-------- Exercise data

text \<open>All pairs of constrained columns of distinct classes are ordered like (a0, b0): some row
  contains one column but not the other.\<close>
lemma agree_ref:
  assumes "x \<in> C" "y \<in> C" "constrained R x" "constrained R y" "\<not> same_venn R x y"
  shows "agree x y = agree a0 b0"
proof -
  obtain r where r: "r \<in> R" "(x \<in> r) \<noteq> (y \<in> r)" using assms(5) unfolding same_venn_def by blast
  show ?thesis
  proof (cases "x \<in> r")
    case True
    obtain s where "s \<in> R" "y \<in> s" using assms(4) unfolding constrained_def by blast
    then show ?thesis using agree_row_vs_outside[OF X.overlap_path[OF r(1)]] assms(2) True r(2) by blast
  next
    case False
    obtain s where "s \<in> R" "x \<in> s" using assms(3) unfolding constrained_def by blast
    then have "agree y x = agree a0 b0"
      using agree_row_vs_outside[OF X.overlap_path[OF r(1)]] assms(1) False r(2) by blast
    moreover have "x \<noteq> y" using assms(5) same_venn_refl by metis
    ultimately show ?thesis using agree_sym assms(1,2) by metis
  qed
qed

end

text \<open>Rigidity: betweenness of constrained columns of distinct classes is the same in both
  orderings, since all such pairs are ordered like one fixed reference pair.\<close>
theorem between_rigid:
  assumes C3: "x \<in> C" "y \<in> C" "z \<in> C"
    and c: "constrained R x" "constrained R y" "constrained R z"
    and n: "\<not> same_venn R x y" "\<not> same_venn R y z" and bt: "between xs x y z"
  shows "between ys x y z"
proof -
  obtain r0 s0 where e: "r0 \<in> R" "s0 \<in> R" "overlaps r0 s0"
    using X.exists_overlap[OF c(1,2) n(1)] by blast
  then obtain a0 b0 where cr: "crossing r0 s0 a0 b0" unfolding overlaps_def crossing_def by blast
  have "agree x y = agree y z" using agree_ref[OF e cr] C3 c n by metis
  moreover have "pos ys x \<noteq> pos ys y" "pos ys y \<noteq> pos ys z"
    using Y.pos_neq C3 n same_venn_refl by metis+
  ultimately show ?thesis using bt unfolding agree_def between_def by arith
qed

end

section \<open>Necessity of the configurations\<close>

context two_c1p_orders
begin

lemma config_triple_between:
  assumes hij: "h < i" "i < j" "j < length xs"
    and tc: "three_constrained_classes R (xs ! h) (xs ! i) (xs ! j)"
  shows "between ys (xs ! h) (xs ! i) (xs ! j)"
proof (rule between_rigid)
  show "xs ! h \<in> C" "xs ! i \<in> C" "xs ! j \<in> C" using hij X.set_xs by auto
  show "between xs (xs ! h) (xs ! i) (xs ! j)"
    using hij pos_nth[OF X.distinct_xs] unfolding between_def by auto
qed (use tc in \<open>auto simp: three_constrained_classes_def\<close>)

lemma no_config_101:
  assumes Z: "convex_in ys Z"
  shows "\<not> config_101 R xs Z"
proof
  assume "config_101 R xs Z"
  then obtain h i j where hij: "h < i" "i < j" "j < length xs"
    and tc: "three_constrained_classes R (xs ! h) (xs ! i) (xs ! j)"
    and m: "xs ! h \<in> Z" "xs ! i \<notin> Z" "xs ! j \<in> Z"
    unfolding config_101_def by blast
  have mem: "xs ! k \<in> set ys" if "k < length xs" for k
    using nth_mem[OF that] X.set_xs Y.set_xs by simp
  have "xs ! i \<in> Z"
    using convex_inD[OF Z m(1,3) mem mem mem config_triple_between[OF hij tc]] hij by simp
  then show False using m(2) by contradiction
qed

text \<open>If Z is convex in ys and contains an unconstrained column u, a 0-1-0 configuration x, y, z
  is impossible: u lies outside the convex union of the rows, hence not between x and z, and
  not beyond x or z either, since Z is convex and contains y but neither x nor z.\<close>
lemma no_config_010:
  assumes Z: "convex_in ys Z" and u: "u \<in> Z" "u \<in> C" "\<not> constrained R u"
  shows "\<not> config_010 R xs Z"
proof
  assume "config_010 R xs Z"
  then obtain h i j where hij: "h < i" "i < j" "j < length xs"
    and tc: "three_constrained_classes R (xs ! h) (xs ! i) (xs ! j)"
    and "xs ! h \<notin> Z" "xs ! i \<in> Z" "xs ! j \<notin> Z"
    unfolding config_010_def by blast
  define x y z where "x = xs ! h" and "y = xs ! i" and "z = xs ! j"
  have m: "x \<notin> Z" "y \<in> Z" "z \<notin> Z" unfolding x_def y_def z_def by fact+
  have C3: "x \<in> C" "y \<in> C" "z \<in> C" unfolding x_def y_def z_def using hij X.set_xs by auto
  have cc: "constrained R x" "constrained R y" "constrained R z"
    using tc unfolding three_constrained_classes_def x_def y_def z_def by auto
  have bt: "between ys x y z" unfolding x_def y_def z_def using config_triple_between[OF hij tc] .
  have "u \<noteq> x" "u \<noteq> y" "u \<noteq> z" using cc u(3) by auto
  then have "pos ys u \<noteq> pos ys x" "pos ys u \<noteq> pos ys y" "pos ys u \<noteq> pos ys z"
    using Y.pos_neq[OF u(2)] C3 by blast+
  moreover obtain rx rz where rx: "rx \<in> R" "x \<in> rx" and rz: "rz \<in> R" "z \<in> rz"
    using cc unfolding constrained_def by blast
  then have "\<not> between ys x u z" using Y.constrained_between[OF rx rz u(2)] u(3) by blast
  moreover have "u \<in> set ys" "x \<in> set ys" "y \<in> set ys" "z \<in> set ys" using C3 u(2) Y.set_xs by simp_all
  then have "\<not> between ys u x y" "\<not> between ys u z y"
    using convex_inD[OF Z u(1) m(2)] m(1,3) by blast+
  ultimately show False using bt unfolding between_def by arith
qed

end

lemma c1p_order_of_ordering:
  assumes "c1p_ordering C R ys" "\<forall>r\<in>R. r \<subseteq> C" "overlap_connected R"
  shows "c1p_order C R ys"
  using assms consecutive_imp_convex unfolding c1p_ordering_def c1p_order_def by blast

lemma configuration_obstructs:
  assumes xs: "c1p_order C R xs"
    and cfg: "config_101 R xs Z \<or> (config_010 R xs Z \<and> Z \<inter> unconstrained_class C R \<noteq> {})"
  shows "\<not> has_c1p C (R \<union> {Z})"
proof
  assume "has_c1p C (R \<union> {Z})"
  then obtain ys where ys: "c1p_ordering C (R \<union> {Z}) ys" unfolding has_c1p_def by blast
  then have Z: "convex_in ys Z" using consecutive_imp_convex unfolding c1p_ordering_def by blast
  have "c1p_ordering C R ys" using ys unfolding c1p_ordering_def by blast
  then have "c1p_order C R ys"
    using c1p_order_of_ordering c1p_order.rows_in_C[OF xs] c1p_order.connected[OF xs] by blast
  then interpret two_c1p_orders C R xs ys using xs by (simp add: two_c1p_orders_def)
  from cfg show False
  proof
    assume "config_101 R xs Z"
    then show False using no_config_101[OF Z] by contradiction
  next
    assume "config_010 R xs Z \<and> Z \<inter> unconstrained_class C R \<noteq> {}"
    then obtain u where "config_010 R xs Z" "u \<in> Z" "u \<in> unconstrained_class C R" by blast
    then show False using no_config_010[OF Z, of u] by (simp add: unconstrained_class_iff)
  qed
qed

----------------

- Exercise brief: An exact copy of every entry above is required.

- Response:
text \<open>All pairs of constrained columns of distinct classes are ordered like (a0, b0): some row
  contains one column but not the other.\<close>
lemma agree_ref:
  assumes "x \<in> C" "y \<in> C" "constrained R x" "constrained R y" "\<not> same_venn R x y"
  shows "agree x y = agree a0 b0"
proof -
  obtain r where r: "r \<in> R" "(x \<in> r) \<noteq> (y \<in> r)" using assms(5) unfolding same_venn_def by blast
  show ?thesis
  proof (cases "x \<in> r")
    case True
    obtain s where "s \<in> R" "y \<in> s" using assms(4) unfolding constrained_def by blast
    then show ?thesis using agree_row_vs_outside[OF X.overlap_path[OF r(1)]] assms(2) True r(2) by blast
  next
    case False
    obtain s where "s \<in> R" "x \<in> s" using assms(3) unfolding constrained_def by blast
    then have "agree y x = agree a0 b0"
      using agree_row_vs_outside[OF X.overlap_path[OF r(1)]] assms(1) False r(2) by blast
    moreover have "x \<noteq> y" using assms(5) same_venn_refl by metis
    ultimately show ?thesis using agree_sym assms(1,2) by metis
  qed
qed

end

text \<open>Rigidity: betweenness of constrained columns of distinct classes is the same in both
  orderings, since all such pairs are ordered like one fixed reference pair.\<close>
theorem between_rigid:
  assumes C3: "x \<in> C" "y \<in> C" "z \<in> C"
    and c: "constrained R x" "constrained R y" "constrained R z"
    and n: "\<not> same_venn R x y" "\<not> same_venn R y z" and bt: "between xs x y z"
  shows "between ys x y z"
proof -
  obtain r0 s0 where e: "r0 \<in> R" "s0 \<in> R" "overlaps r0 s0"
    using X.exists_overlap[OF c(1,2) n(1)] by blast
  then obtain a0 b0 where cr: "crossing r0 s0 a0 b0" unfolding overlaps_def crossing_def by blast
  have "agree x y = agree y z" using agree_ref[OF e cr] C3 c n by metis
  moreover have "pos ys x \<noteq> pos ys y" "pos ys y \<noteq> pos ys z"
    using Y.pos_neq C3 n same_venn_refl by metis+
  ultimately show ?thesis using bt unfolding agree_def between_def by arith
qed

end

section \<open>Necessity of the configurations\<close>

context two_c1p_orders
begin

lemma config_triple_between:
  assumes hij: "h < i" "i < j" "j < length xs"
    and tc: "three_constrained_classes R (xs ! h) (xs ! i) (xs ! j)"
  shows "between ys (xs ! h) (xs ! i) (xs ! j)"
proof (rule between_rigid)
  show "xs ! h \<in> C" "xs ! i \<in> C" "xs ! j \<in> C" using hij X.set_xs by auto
  show "between xs (xs ! h) (xs ! i) (xs ! j)"
    using hij pos_nth[OF X.distinct_xs] unfolding between_def by auto
qed (use tc in \<open>auto simp: three_constrained_classes_def\<close>)

lemma no_config_101:
  assumes Z: "convex_in ys Z"
  shows "\<not> config_101 R xs Z"
proof
  assume "config_101 R xs Z"
  then obtain h i j where hij: "h < i" "i < j" "j < length xs"
    and tc: "three_constrained_classes R (xs ! h) (xs ! i) (xs ! j)"
    and m: "xs ! h \<in> Z" "xs ! i \<notin> Z" "xs ! j \<in> Z"
    unfolding config_101_def by blast
  have mem: "xs ! k \<in> set ys" if "k < length xs" for k
    using nth_mem[OF that] X.set_xs Y.set_xs by simp
  have "xs ! i \<in> Z"
    using convex_inD[OF Z m(1,3) mem mem mem config_triple_between[OF hij tc]] hij by simp
  then show False using m(2) by contradiction
qed

text \<open>If Z is convex in ys and contains an unconstrained column u, a 0-1-0 configuration x, y, z
  is impossible: u lies outside the convex union of the rows, hence not between x and z, and
  not beyond x or z either, since Z is convex and contains y but neither x nor z.\<close>
lemma no_config_010:
  assumes Z: "convex_in ys Z" and u: "u \<in> Z" "u \<in> C" "\<not> constrained R u"
  shows "\<not> config_010 R xs Z"
proof
  assume "config_010 R xs Z"
  then obtain h i j where hij: "h < i" "i < j" "j < length xs"
    and tc: "three_constrained_classes R (xs ! h) (xs ! i) (xs ! j)"
    and "xs ! h \<notin> Z" "xs ! i \<in> Z" "xs ! j \<notin> Z"
    unfolding config_010_def by blast
  define x y z where "x = xs ! h" and "y = xs ! i" and "z = xs ! j"
  have m: "x \<notin> Z" "y \<in> Z" "z \<notin> Z" unfolding x_def y_def z_def by fact+
  have C3: "x \<in> C" "y \<in> C" "z \<in> C" unfolding x_def y_def z_def using hij X.set_xs by auto
  have cc: "constrained R x" "constrained R y" "constrained R z"
    using tc unfolding three_constrained_classes_def x_def y_def z_def by auto
  have bt: "between ys x y z" unfolding x_def y_def z_def using config_triple_between[OF hij tc] .
  have "u \<noteq> x" "u \<noteq> y" "u \<noteq> z" using cc u(3) by auto
  then have "pos ys u \<noteq> pos ys x" "pos ys u \<noteq> pos ys y" "pos ys u \<noteq> pos ys z"
    using Y.pos_neq[OF u(2)] C3 by blast+
  moreover obtain rx rz where rx: "rx \<in> R" "x \<in> rx" and rz: "rz \<in> R" "z \<in> rz"
    using cc unfolding constrained_def by blast
  then have "\<not> between ys x u z" using Y.constrained_between[OF rx rz u(2)] u(3) by blast
  moreover have "u \<in> set ys" "x \<in> set ys" "y \<in> set ys" "z \<in> set ys" using C3 u(2) Y.set_xs by simp_all
  then have "\<not> between ys u x y" "\<not> between ys u z y"
    using convex_inD[OF Z u(1) m(2)] m(1,3) by blast+
  ultimately show False using bt unfolding between_def by arith
qed

end

lemma c1p_order_of_ordering:
  assumes "c1p_ordering C R ys" "\<forall>r\<in>R. r \<subseteq> C" "overlap_connected R"
  shows "c1p_order C R ys"
  using assms consecutive_imp_convex unfolding c1p_ordering_def c1p_order_def by blast

lemma configuration_obstructs:
  assumes xs: "c1p_order C R xs"
    and cfg: "config_101 R xs Z \<or> (config_010 R xs Z \<and> Z \<inter> unconstrained_class C R \<noteq> {})"
  shows "\<not> has_c1p C (R \<union> {Z})"
proof
  assume "has_c1p C (R \<union> {Z})"
  then obtain ys where ys: "c1p_ordering C (R \<union> {Z}) ys" unfolding has_c1p_def by blast
  then have Z: "convex_in ys Z" using consecutive_imp_convex unfolding c1p_ordering_def by blast
  have "c1p_ordering C R ys" using ys unfolding c1p_ordering_def by blast
  then have "c1p_order C R ys"
    using c1p_order_of_ordering c1p_order.rows_in_C[OF xs] c1p_order.connected[OF xs] by blast
  then interpret two_c1p_orders C R xs ys using xs by (simp add: two_c1p_orders_def)
  from cfg show False
  proof
    assume "config_101 R xs Z"
    then show False using no_config_101[OF Z] by contradiction
  next
    assume "config_010 R xs Z \<and> Z \<inter> unconstrained_class C R \<noteq> {}"
    then obtain u where "config_010 R xs Z" "u \<in> Z" "u \<in> unconstrained_class C R" by blast
    then show False using no_config_010[OF Z, of u] by (simp add: unconstrained_class_iff)
  qed
qed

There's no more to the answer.